• Records for this task
lemma astigmatism_eq_sin_radius1_diff:
  assumes "C_infinity r" and "sin \<theta> \<noteq> 0" and "cos \<theta> \<noteq> 0"
  shows "astigmatism r \<theta> = deriv (sin_radius1_diff r c) \<theta> / cos \<theta> - sin_radius1_diff r c \<theta> / sin \<theta>"
  using assms DERIV_imp_deriv[OF sin_radius1_diff_has_real_derivative[OF assms(1)]]
  by (simp add: astigmatism_def sin_radius1_diff_eq)

lemma eventually_sin_cos_pos_at_right_0: "\<forall>\<^sub>F \<theta> in at_right 0. 0 < sin \<theta> \<and> 0 < cos (\<theta>::real)"
  unfolding eventually_at_right_field by (intro exI[of _ "pi / 2"]) (auto intro!: sin_gt_zero cos_gt_zero)

lemma tendsto_log_derivative_sin_radius1_diff:
  assumes r: "C_infinity r" and nonumbilic: "\<forall>\<^sub>F \<theta> in at_right 0. radius1 r \<theta> \<noteq> c"
    and slope: "((\<lambda>\<theta>. (radius2 r \<theta> - c) / (radius1 r \<theta> - c)) \<longlongrightarrow> \<mu>) (at_right 0)"
  shows "((\<lambda>\<theta>. \<theta> * deriv (sin_radius1_diff r c) \<theta> / sin_radius1_diff r c \<theta>) \<longlongrightarrow> \<mu>) (at_right 0)"
proof -
  have "((\<lambda>\<theta>. \<theta> / sin \<theta> * cos \<theta> * ((radius2 r \<theta> - c) / (radius1 r \<theta> - c))) \<longlongrightarrow> 1 * cos 0 * \<mu>) (at_right 0)"
    using tendsto_id_div_sin slope by (intro tendsto_intros) (simp_all add: filterlim_at_split)
  moreover have "\<forall>\<^sub>F \<theta> in at_right 0. \<theta> / sin \<theta> * cos \<theta> * ((radius2 r \<theta> - c) / (radius1 r \<theta> - c))
      = \<theta> * deriv (sin_radius1_diff r c) \<theta> / sin_radius1_diff r c \<theta>"
    using eventually_sin_cos_pos_at_right_0 nonumbilic
    by eventually_elim (simp add: sin_radius1_diff_eq DERIV_imp_deriv[OF sin_radius1_diff_has_real_derivative[OF r]])
  ultimately show ?thesis
    by (simp add: tendsto_cong)
qed

lemma umbilic_slope_at_zero:
  fixes r :: "real \<Rightarrow> real"
  assumes r: "C_infinity r" and even: "\<And>t. r (- t) = r t"
    and nonumbilic: "\<forall>\<^sub>F \<theta> in at_right 0. radius1 r \<theta> \<noteq> radius1 r 0"
    and slope: "((\<lambda>\<theta>. (radius2 r \<theta> - radius2 r 0) / (radius1 r \<theta> - radius1 r 0)) \<longlongrightarrow> \<mu>) (at_right 0)"
  obtains n :: nat and L where "odd n" "3 \<le> n" "\<mu> = real n" "L \<noteq> 0"
    "((\<lambda>\<theta>. astigmatism r \<theta> / sin \<theta> ^ (n - 1)) \<longlongrightarrow> L) (at_right 0)"
proof -
  define c where "c = radius1 r 0"
  have "radius2 r 0 = c"
    by (simp add: c_def radius1_def radius2_def)
  define G where "G = sin_radius1_diff r c"
  have "C_infinity G" and odd: "\<And>t. G (- t) = - G t"
    unfolding G_def using C_infinity_sin_radius1_diff[OF r] sin_radius1_diff_odd[OF r even] by auto
  have "deriv G 0 = 0"
    unfolding G_def using DERIV_imp_deriv[OF sin_radius1_diff_has_real_derivative[OF r]] \<open>radius2 r 0 = c\<close>
    by simp
  have "\<forall>\<^sub>F \<theta> in at_right 0. G \<theta> \<noteq> 0"
    using eventually_sin_cos_pos_at_right_0 nonumbilic
    by eventually_elim (simp add: G_def c_def sin_radius1_diff_eq)
  moreover have "((\<lambda>\<theta>. \<theta> * deriv G \<theta> / G \<theta>) \<longlongrightarrow> \<mu>) (at_right 0)"
    unfolding G_def using tendsto_log_derivative_sin_radius1_diff[OF r] nonumbilic slope \<open>radius2 r 0 = c\<close>
    by (simp add: c_def)
  ultimately obtain n c' where n: "odd n" "3 \<le> n" "\<mu> = real n" "c' \<noteq> 0"
    and lim_G: "((\<lambda>t. G t / t ^ n) \<longlongrightarrow> c') (at 0)"
    and lim_dG: "((\<lambda>t. deriv G t / t ^ (n - 1)) \<longlongrightarrow> real n * c') (at 0)"
    using odd_C_infinity_vanishing_order[OF \<open>C_infinity G\<close> odd \<open>deriv G 0 = 0\<close>] by blast
  have "((\<lambda>\<theta>. (deriv G \<theta> / cos \<theta> - G \<theta> / sin \<theta>) / sin \<theta> ^ (n - 1)) \<longlongrightarrow> (real n - 1) * c') (at_right 0)"
    using tendsto_leading_power_div_sin_power[OF lim_G lim_dG] n by simp
  moreover have "\<forall>\<^sub>F \<theta> in at_right 0.
      (deriv G \<theta> / cos \<theta> - G \<theta> / sin \<theta>) / sin \<theta> ^ (n - 1) = astigmatism r \<theta> / sin \<theta> ^ (n - 1)"
    using eventually_sin_cos_pos_at_right_0
    by eventually_elim (simp add: G_def astigmatism_eq_sin_radius1_diff[OF r, where c = c])
  ultimately have "((\<lambda>\<theta>. astigmatism r \<theta> / sin \<theta> ^ (n - 1)) \<longlongrightarrow> (real n - 1) * c') (at_right 0)"
    by (rule Lim_transform_eventually)
  moreover have "(real n - 1) * c' \<noteq> 0"
    using n by simp
  ultimately show thesis
    using that n by blast
qed

lemma radius_reflect:
  assumes "C_infinity r"
  shows "radius1 (\<lambda>t. r (pi - t)) \<theta> = radius1 r (pi - \<theta>)"
    and "radius2 (\<lambda>t. r (pi - t)) \<theta> = radius2 r (pi - \<theta>)"
proof -
  have d1: "deriv (\<lambda>t. r (pi - t)) = (\<lambda>t. - deriv r (pi - t))"
    using deriv_scaled_reflect[OF assms, of 1 pi] by simp
  have d2: "deriv (\<lambda>t. - deriv r (pi - t)) = (\<lambda>t. deriv (deriv r) (pi - t))"
    using deriv_scaled_reflect[OF C_infinity_deriv[OF assms], of "- 1" pi] by simp
  show "radius1 (\<lambda>t. r (pi - t)) \<theta> = radius1 r (pi - \<theta>)"
    and "radius2 (\<lambda>t. r (pi - t)) \<theta> = radius2 r (pi - \<theta>)"
    by (simp_all add: radius1_def radius2_def d1 d2)
qed

lemma at_left_eq_filtermap_reflect: "at_left (a::real) = filtermap (\<lambda>t. a - t) (at_right 0)"
  by (simp add: at_left_minus at_right_to_0[of "- a"] filtermap_filtermap)

lemma umbilic_slope_at_pi:
  fixes r :: "real \<Rightarrow> real"
  assumes r: "C_infinity r" and even_pi: "\<And>t. r (pi + t) = r (pi - t)"
    and nonumbilic: "\<forall>\<^sub>F \<theta> in at_left pi. radius1 r \<theta> \<noteq> radius1 r pi"
    and slope: "((\<lambda>\<theta>. (radius2 r \<theta> - radius2 r pi) / (radius1 r \<theta> - radius1 r pi)) \<longlongrightarrow> \<mu>) (at_left pi)"
  obtains n :: nat and L where "odd n" "3 \<le> n" "\<mu> = real n" "L \<noteq> 0"
    "((\<lambda>\<theta>. astigmatism r \<theta> / sin \<theta> ^ (n - 1)) \<longlongrightarrow> L) (at_left pi)"
proof -
  define r' where "r' t = r (pi - t)" for t
  have "C_infinity r'"
    unfolding r'_def[abs_def] using C_infinity_reflect[OF r] .
  have "r' (- t) = r' t" for t
    by (simp add: r'_def even_pi)
  have radius_r': "radius1 r' \<theta> = radius1 r (pi - \<theta>)" "radius2 r' \<theta> = radius2 r (pi - \<theta>)"
    "astigmatism r' \<theta> = astigmatism r (pi - \<theta>)" for \<theta>
    unfolding r'_def[abs_def] by (simp_all add: radius_reflect[OF r] astigmatism_def)
  have "\<forall>\<^sub>F \<theta> in at_right 0. radius1 r' \<theta> \<noteq> radius1 r' 0"
    using nonumbilic by (simp add: at_left_eq_filtermap_reflect eventually_filtermap radius_r')
  moreover have "((\<lambda>\<theta>. (radius2 r' \<theta> - radius2 r' 0) / (radius1 r' \<theta> - radius1 r' 0)) \<longlongrightarrow> \<mu>) (at_right 0)"
    using slope by (simp add: at_left_eq_filtermap_reflect filterlim_filtermap radius_r')
  ultimately obtain n L where "odd n" "3 \<le> n" "\<mu> = real n" "L \<noteq> 0"
    and lim: "((\<lambda>\<theta>. astigmatism r' \<theta> / sin \<theta> ^ (n - 1)) \<longlongrightarrow> L) (at_right 0)"
    using umbilic_slope_at_zero[OF \<open>C_infinity r'\<close> \<open>\<And>t. r' (- t) = r' t\<close>] by blast
  moreover have "((\<lambda>\<theta>. astigmatism r \<theta> / sin \<theta> ^ (n - 1)) \<longlongrightarrow> L) (at_left pi)"
    using lim by (simp add: at_left_eq_filtermap_reflect filterlim_filtermap radius_r')
  ultimately show thesis
    using that by blast
qed

lemma umbilic_slope_at_pole:
  fixes r :: "real \<Rightarrow> real"
  assumes "smooth_rot_support r" and "p \<in> {0, pi}"
    and "\<forall>\<^sub>F \<theta> in at p within {0..pi}. radius1 r \<theta> \<noteq> radius1 r p"
    and "((\<lambda>\<theta>. (radius2 r \<theta> - radius2 r p) / (radius1 r \<theta> - radius1 r p)) \<longlongrightarrow> \<mu>)
      (at p within {0..pi})"
  obtains n :: nat and L where "odd n" "3 \<le> n" "\<mu> = real n" "L \<noteq> 0"
    "((\<lambda>\<theta>. astigmatism r \<theta> / sin \<theta> ^ (n - 1)) \<longlongrightarrow> L) (at p within {0..pi})"
proof -
  have r: "C_infinity r" and even: "\<And>t. r (- t) = r t" and even_pi: "\<And>t. r (pi + t) = r (pi - t)"
    using assms(1) by (auto simp: smooth_rot_support_def)
  consider "p = 0" | "p = pi"
    using assms(2) by blast
  then show thesis
  proof cases
    case 1
    have F: "at 0 within {0..pi} = at_right 0"
      by (simp add: at_within_Icc_at_right)
    show thesis
      using umbilic_slope_at_zero[OF r even] assms(3,4) that unfolding 1 F by blast
  next
    case 2
    have F: "at pi within {0..pi} = at_left pi"
      by (simp add: at_within_Icc_at_left)
    show thesis
      using umbilic_slope_at_pi[OF r even_pi] assms(3,4) that unfolding 2 F by blast
  qed
qed

lemma eventually_sin_pos_at_pole:
  "p \<in> {0, pi} \<Longrightarrow> \<forall>\<^sub>F \<theta> in at p within {0..pi}. 0 < sin \<theta>"
  unfolding eventually_at by (rule exI[of _ pi]) (auto simp: dist_real_def intro!: sin_gt_zero)

theorem theorem2p3:
  fixes r :: "real \<Rightarrow> real" and p \<mu> :: real
  assumes "smooth_W r"
    and "p \<in> {0, pi}"
    and "\<forall>\<^sub>F \<theta> in at p within {0..pi}. astigmatism r \<theta> \<noteq> 0"
    and "\<forall>\<^sub>F \<theta> in at p within {0..pi}. radius1 r \<theta> \<noteq> radius1 r p"
    and "((\<lambda>\<theta>. (radius2 r \<theta> - radius2 r p) / (radius1 r \<theta> - radius1 r p)) \<longlongrightarrow> \<mu>)
           (at p within {0..pi})"
  shows "(\<exists>k::int. \<mu> = 2 * of_int k + 1) \<and> \<mu> \<ge> 3 \<and>
         (\<forall>\<alpha>. \<mu> = \<alpha> + 1 \<longrightarrow>
            (\<exists>L. L \<noteq> 0 \<and> ((\<lambda>\<theta>. astigmatism r \<theta> / sin \<theta> powr \<alpha>) \<longlongrightarrow> L) (at p within {0..pi})))"
proof -
  obtain n L where n: "odd n" "3 \<le> n" "\<mu> = real n" "L \<noteq> 0"
    and lim: "((\<lambda>\<theta>. astigmatism r \<theta> / sin \<theta> ^ (n - 1)) \<longlongrightarrow> L) (at p within {0..pi})"
    using umbilic_slope_at_pole[OF _ assms(2,4,5)] assms(1) unfolding smooth_W_def by blast
  obtain k where "n = 2 * k + 1"
    using \<open>odd n\<close> oddE by blast
  then have "\<mu> = 2 * of_int (int k) + 1"
    using n by simp
  moreover have "((\<lambda>\<theta>. astigmatism r \<theta> / sin \<theta> powr \<alpha>) \<longlongrightarrow> L) (at p within {0..pi})"
    if "\<mu> = \<alpha> + 1" for \<alpha>
  proof -
    have \<alpha>: "\<alpha> = real (n - 1)"
      using that n by (simp add: of_nat_diff)
    have "\<forall>\<^sub>F \<theta> in at p within {0..pi}.
        astigmatism r \<theta> / sin \<theta> ^ (n - 1) = astigmatism r \<theta> / sin \<theta> powr \<alpha>"
      using eventually_sin_pos_at_pole[OF assms(2)] by eventually_elim (simp add: powr_realpow \<alpha>)
    then show ?thesis
      using lim by (rule Lim_transform_eventually[rotated])
  qed
  moreover have "3 \<le> \<mu>"
    using n by simp
  ultimately show ?thesis
    using \<open>L \<noteq> 0\<close> by blast
qed

end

• Instructions for the task
Nothing beyond the line containing "by (simp add: astigmatism_def" is to be output; the lines above, from the first one onward to that line, are to be transcribed exactly.

• Task solution
lemma astigmatism_eq_sin_radius1_diff:
  assumes "C_infinity r" and "sin \<theta> \<noteq> 0" and "cos \<theta> \<noteq> 0"
  shows "astigmatism r \<theta> = deriv (sin_radius1_diff r c) \<theta> / cos \<theta> - sin_radius1_diff r c \<theta> / sin \<theta>"
  using assms DERIV_imp_deriv[OF sin_radius1_diff_has_real_derivative[OF assms(1)]]
  by (simp add: astigmatism_def sin_radius1_diff_eq)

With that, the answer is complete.